2. A reforma que deu origem ao NEM veio à luz após o impedimento da presidenta Dilma Rousseff. Havia antes disso um projeto do deputado Reginaldo Lopes que propunha acabar com as 13 antigas disciplinas e acenava com alternativas curriculares. Não foi à frente porque, de alguma forma, se intuía as dificuldades que sua aprovação e implementação trariam. O interesse empresarial pressionou como pôde por uma reforma com espírito semelhante, mas somente após o golpe parlamentar teve real controle da pauta. A MP 746/2016 foi um dos primeiros atos do novo governo. Rapidamente transformou-se na Lei 13415/2017 que, dentre outras coisas, revogou a obrigatoriedade de disciplinas como Filosofia e Sociologia, aumentou a carga horária do segmento e instituiu os chamados percursos formativos. Por sabido, não houve esforço por políticas públicas que atacassem os gravíssimos passivos listados acima.

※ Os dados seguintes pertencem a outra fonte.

section \<open>Diagonalisation and the nuclear norm\<close>

lemma diagonal_matrix_vector_mult:
  fixes D :: "real^'n^'n"
  assumes "is_diagonal D"
  shows "D *v x = (\<chi> i. D$i$i * x$i)"
proof -
  have "(\<Sum>j\<in>UNIV. D$i$j * x$j) = (\<Sum>j\<in>UNIV. if i = j then D$i$i * x$i else 0)" for i
    using assms by (intro sum.cong) (auto simp: is_diagonal_def)
  then show ?thesis by (simp add: matrix_vector_mult_def vec_eq_iff)
qed

lemma diagonal_matrix_mult:
  fixes X Y :: "real^'n^'n"
  assumes "is_diagonal X" "is_diagonal Y"
  shows "X ** Y = (\<chi> i j. if i = j then X$i$i * Y$i$i else 0)"
proof -
  have "(\<Sum>k\<in>UNIV. X$i$k * Y$k$j) =
        (\<Sum>k\<in>UNIV. if k = i then (if i = j then X$i$i * Y$i$i else 0) else 0)" for i j
    using assms by (intro sum.cong) (auto simp: is_diagonal_def)
  then show ?thesis by (simp add: matrix_matrix_mult_def vec_eq_iff)
qed

lemma rank_diagonal:
  fixes D :: "real^'n^'n"
  assumes "is_diagonal D"
  shows "rank D = card {i. D$i$i \<noteq> 0}"
proof -
  let ?J = "{i. D$i$i \<noteq> 0}"
  have "range (\<lambda>x. D *v x) = {x. \<forall>i. i \<notin> ?J \<longrightarrow> x$i = 0}"
  proof (intro subset_antisym subsetI)
    fix x :: "real^'n" assume "x \<in> {x. \<forall>i. i \<notin> ?J \<longrightarrow> x$i = 0}"
    then have "D *v (\<chi> i. x$i / D$i$i) = x"
      using assms by (auto simp: diagonal_matrix_vector_mult vec_eq_iff)
    then show "x \<in> range (\<lambda>x. D *v x)" by (metis rangeI)
  qed (use assms in \<open>auto simp: diagonal_matrix_vector_mult\<close>)
  then have "rank D = vec.dim {x::real^'n. \<forall>i. i \<notin> ?J \<longrightarrow> x$i = 0}"
    by (simp add: rank_dim_range dim_vec_eq)
  then show ?thesis by (simp only: dim_substandard_cart)
qed

lemma orthogonal_conj_cancel:
  assumes "orthogonal_matrix V"
  shows "transpose V ** (V ** X ** transpose V) ** V = (X::real^'n^'n)"
proof -
  have "transpose V ** (V ** X ** transpose V) ** V = (transpose V ** V) ** X ** (transpose V ** V)"
    by (simp only: matrix_mul_assoc)
  then show ?thesis using assms by (simp add: orthogonal_matrix_def)
qed

lemma orthogonal_conj_mult:
  assumes "orthogonal_matrix V"
  shows "(V ** X ** transpose V) ** (V ** Y ** transpose V) = V ** (X ** Y) ** transpose (V::real^'n^'n)"
proof -
  have "(V ** X ** transpose V) ** (V ** Y ** transpose V) = V ** X ** (transpose V ** V) ** Y ** transpose V"
    by (simp only: matrix_mul_assoc)
  also have "\<dots> = V ** (X ** Y) ** transpose V"
    using assms by (simp add: orthogonal_matrix_def matrix_mul_assoc)
  finally show ?thesis .
qed

lemma transpose_orthogonal_conj:
  "transpose (V ** X ** transpose V) = V ** transpose X ** transpose (V::real^'n^'n)"
  by (simp add: matrix_transpose_mul matrix_mul_assoc)

lemma rank_orthogonal_conj:
  assumes "orthogonal_matrix V"
  shows "rank (V ** X ** transpose V) = rank (X::real^'n^'n)"
proof (rule antisym)
  show "rank (V ** X ** transpose V) \<le> rank X" for V X :: "real^'n^'n"
    by (metis order_trans rank_mul_le_left rank_mul_le_right)
  from this[of "transpose V" "V ** X ** transpose V"]
  show "rank X \<le> rank (V ** X ** transpose V)"
    using orthogonal_conj_cancel[OF assms] by simp
qed

text \<open>The multiplicity of an eigenvalue \<open>c\<close> is \<open>n - rank (M - c I)\<close>, which does not depend on
  the chosen diagonalisation.\<close>
lemma rank_diff_mat_spectral:
  assumes oV: "orthogonal_matrix V" and dD: "is_diagonal D"
  shows "rank (V ** D ** transpose V - mat c) = card {i. D$i$i \<noteq> c}"
proof -
  have "V ** (D - mat c) ** transpose V = V ** D ** transpose V - c *\<^sub>R (V ** transpose V)"
    by (simp add: matrix_diff_ldistrib matrix_diff_rdistrib matrix_mult_mat_right scalar_matrix_assoc)
  also have "c *\<^sub>R (V ** transpose V) = mat c"
    using oV by (simp add: orthogonal_matrix_def mat_eq_scaleR_mat_1[of c])
  finally have "rank (V ** D ** transpose V - mat c) = rank (D - mat c)"
    using rank_orthogonal_conj[OF oV] by metis
  also have "\<dots> = card {i. (D - mat c)$i$i \<noteq> 0}"
    by (rule rank_diagonal) (use dD in \<open>simp add: is_diagonal_def mat_def\<close>)
  finally show ?thesis by (simp add: mat_def)
qed

lemma sum_diagonal_spectral:
  fixes V D :: "real^'n^'n" and h :: "real \<Rightarrow> real"
  assumes oV: "orthogonal_matrix V" and dD: "is_diagonal D"
  shows "(\<Sum>i\<in>UNIV. h (D$i$i)) =
    (\<Sum>c | rank (V ** D ** transpose V - mat c) < CARD('n).
       h c * real (CARD('n) - rank (V ** D ** transpose V - mat c)))"
proof -
  note mult = rank_diff_mat_spectral[OF oV dD]
  have card_eq: "CARD('n) - card {i. D$i$i \<noteq> c} = card {i. D$i$i = c}" for c
  proof -
    have "{i. D$i$i = c} = UNIV - {i. D$i$i \<noteq> c}" by auto
    then show ?thesis by (simp add: card_Diff_subset)
  qed
  have "card {i. D$i$i \<noteq> c} < CARD('n) \<longleftrightarrow> c \<in> range (\<lambda>i. D$i$i)" for c
  proof -
    have "card {i. D$i$i \<noteq> c} < CARD('n) \<longleftrightarrow> {i. D$i$i \<noteq> c} \<noteq> UNIV"
      using psubset_card_mono[of UNIV "{i. D$i$i \<noteq> c}"] by auto
    then show ?thesis by auto
  qed
  then have eigenvalues: "{c. rank (V ** D ** transpose V - mat c) < CARD('n)} = range (\<lambda>i. D$i$i)"
    by (auto simp: mult)
  have "(\<Sum>i\<in>UNIV. h (D$i$i)) = (\<Sum>c\<in>range (\<lambda>i. D$i$i). \<Sum>i\<in>{x\<in>UNIV. D$x$x = c}. h (D$i$i))"
    by (rule sum.image_gen) simp
  also have "\<dots> = (\<Sum>c\<in>range (\<lambda>i. D$i$i). h c * real (card {i. D$i$i = c}))"
    by (intro sum.cong refl) simp
  finally show ?thesis unfolding eigenvalues by (simp add: mult card_eq)
qed

lemma sum_diagonal_spectral_unique:
  fixes V D :: "real^'n^'n" and h :: "real \<Rightarrow> real"
  assumes "orthogonal_matrix V" "is_diagonal D" "orthogonal_matrix V'" "is_diagonal D'"
    and "V ** D ** transpose V = V' ** D' ** transpose V'"
  shows "(\<Sum>i\<in>UNIV. h (D$i$i)) = (\<Sum>i\<in>UNIV. h (D'$i$i))"
  unfolding sum_diagonal_spectral[OF assms(1,2)] sum_diagonal_spectral[OF assms(3,4)] assms(5) ..

lemma nuclear_norm_spectral:
  fixes A :: "real^'n^'m"
  assumes "orthogonal_matrix V" "is_diagonal D" "transpose A ** A = V ** D ** transpose V"
  shows "nuclear_norm A = (\<Sum>i\<in>UNIV. sqrt (D$i$i))"
  unfolding nuclear_norm_def
proof (rule the_equality)
  fix s assume "\<exists>V' D'. orthogonal_matrix V' \<and> is_diagonal D' \<and>
       transpose A ** A = V' ** D' ** transpose V' \<and> s = (\<Sum>i\<in>UNIV. sqrt (D' $ i $ i))"
  then obtain V' D' where V'D': "orthogonal_matrix V'" "is_diagonal D'"
    "V ** D ** transpose V = V' ** D' ** transpose V'" and s: "s = (\<Sum>i\<in>UNIV. sqrt (D' $ i $ i))"
    using assms(3) by auto
  show "s = (\<Sum>i\<in>UNIV. sqrt (D$i$i))"
    unfolding s sum_diagonal_spectral_unique[OF assms(1,2) V'D'] ..
qed (use assms in \<open>intro exI conjI, auto\<close>)

lemma gram_spectral:
  fixes A :: "real^'n^'m"
  obtains V D where "orthogonal_matrix V" "is_diagonal D" "transpose A ** A = V ** D ** transpose V"
proof -
  have "transpose (transpose A ** A) = transpose A ** A" by (simp add: matrix_transpose_mul)
  then show ?thesis using that by (rule spectral_theorem)
qed

section \<open>Nuclear norm versus rank\<close>

lemma inner_transpose_matrix:
  fixes A :: "real^'n^'m"
  shows "x \<bullet> (transpose A *v y) = (A *v x) \<bullet> y"
  by (metis dot_lmul_matrix inner_commute transpose_matrix_vector)

lemma gram_quadratic_form:
  fixes B :: "real^'n^'m"
  shows "y \<bullet> ((transpose B ** B) *v y) = (B *v y) \<bullet> (B *v y)"
  by (simp only: matrix_vector_mul_assoc[symmetric] inner_transpose_matrix)

lemma gram_diagonal_nonneg:
  fixes B :: "real^'n^'m"
  shows "(transpose B ** B)$i$i \<ge> 0"
  by (simp add: matrix_matrix_mult_def transpose_def sum_nonneg)

lemma diagonal_quadratic_form:
  fixes D :: "real^'n^'n"
  assumes "is_diagonal D"
  shows "y \<bullet> (D *v y) = (\<Sum>i\<in>UNIV. D$i$i * (y$i)^2)"
  using assms by (simp add: diagonal_matrix_vector_mult inner_vec_def power2_eq_square algebra_simps)

lemma inner_le_if_transpose_fixes:
  fixes Z :: "real^'n^'n"
  assumes "transpose Z *v w = w"
  shows "w \<bullet> w \<le> (Z *v w) \<bullet> (Z *v w)"
proof -
  have "norm w ^ 2 = (Z *v w) \<bullet> w"
    by (metis assms inner_transpose_matrix power2_norm_eq_inner)
  also have "\<dots> \<le> norm (Z *v w) * norm w" by (rule norm_cauchy_schwarz)
  finally have "norm w \<le> norm (Z *v w)"
    by (cases "w = 0") (auto simp: power2_eq_square mult_le_cancel_right)
  then show ?thesis by (simp add: power2_norm_eq_inner[symmetric] power_mono)
qed

lemma diagonal_quadratic_form_less:
  fixes D :: "real^'n^'n"
  assumes dD: "is_diagonal D" and "y \<noteq> 0" and supp: "\<And>i. 1 \<le> D$i$i \<Longrightarrow> y$i = 0"
  shows "y \<bullet> (D *v y) < y \<bullet> y"
proof -
  obtain k where k: "y$k \<noteq> 0" using \<open>y \<noteq> 0\<close> by (auto simp: vec_eq_iff)
  have le: "D$i$i * (y$i)^2 \<le> (y$i)^2" for i
  proof (cases "1 \<le> D$i$i")
    case False
    then show ?thesis using mult_right_mono[of "D$i$i" 1 "(y$i)^2"] by simp
  qed (simp add: supp)
  have "D$k$k < 1" using k supp[of k] by force
  then have "D$k$k * (y$k)^2 < 1 * (y$k)^2" using k by (intro mult_strict_right_mono) auto
  then have "(\<Sum>i\<in>UNIV. D$i$i * (y$i)^2) < (\<Sum>i\<in>UNIV. (y$i)^2)"
    using le by (intro sum_strict_mono_ex1) auto
  then show ?thesis
    unfolding diagonal_quadratic_form[OF dD] by (simp add: inner_vec_def power2_eq_square)
qed

text \<open>A subspace on which \<open>D\<close> dominates the identity meets the span of the coordinates with
  \<open>D$i$i < 1\<close> trivially, which bounds its dimension.\<close>
lemma dim_le_card_diagonal_ge_one:
  fixes D :: "real^'n^'n"
  assumes dD: "is_diagonal D" and U: "subspace U"
    and dominates: "\<And>y. y \<in> U \<Longrightarrow> y \<bullet> y \<le> y \<bullet> (D *v y)"
  shows "dim U \<le> card {i. 1 \<le> D$i$i}"
proof -
  define J where "J = {i. D$i$i < 1}"
  define T where "T = {x::real^'n. \<forall>i. i \<notin> J \<longrightarrow> x$i = 0}"
  have T: "subspace T" by (auto simp: subspace_def T_def)
  have dimT: "dim T = card J"
    unfolding T_def dim_vec_eq[symmetric] by (rule dim_substandard_cart)
  have "y = 0" if "y \<in> U" "y \<in> T" for y
    using that dominates[of y] diagonal_quadratic_form_less[OF dD, of y]
    by (force simp: T_def J_def not_le[symmetric])
  then have "U \<inter> T \<subseteq> {0}" by blast
  then have "dim (U \<inter> T) = 0" by simp
  moreover have "dim {x + y |x y. x \<in> U \<and> y \<in> T} \<le> CARD('n)" by (rule dim_subset_UNIV_cart)
  ultimately have "dim U + card J \<le> CARD('n)"
    using dim_sums_Int[OF U T] dimT by linarith
  moreover have "{i. 1 \<le> D$i$i} = UNIV - J" by (auto simp: J_def)
  then have "card {i. 1 \<le> D$i$i} = CARD('n) - card J" by (simp add: card_Diff_subset)
  ultimately show ?thesis by linarith
qed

Pelo contrário, foi estabelecido um teto de gastos (EC 95/2016) que limitava também os investimentos em educação.
3. Michel Temer governaria pouco mais de dois anos em clima nada ameno, especialmente junto ao pessoal da Educação. “Primeiramente, fora Temer” – assim se apresentavam muitos educadores. A prudência aconselhava evitar reformas complexas em tempos de turbulência política e chances duvidosas de continuidade. Só que não. Sem as resistências do governo destituído, era hora, como se passou a dizer em tempos recentes, de “passar a boiada”. A Base Nacional Comum Curricular (BNCC), em elaboração, teve que ser modificada na esteira da Lei 13415. E isso se fez sem conversa com as partes envolvidas. Não havia nem clima, nem interesse. Tão falaciosa quanto a propaganda que botava na boca dos estudantes júbilo por uma reforma que mal conheciam, era a tentativa de legitimar a BNCC pela referência à consulta pública realizada pelo governo anterior, com suas “12 milhões de contribuições” – como se a consulta que tinha por objeto a primeira versão da BNCC autorizasse sua arbitrária transformação posterior.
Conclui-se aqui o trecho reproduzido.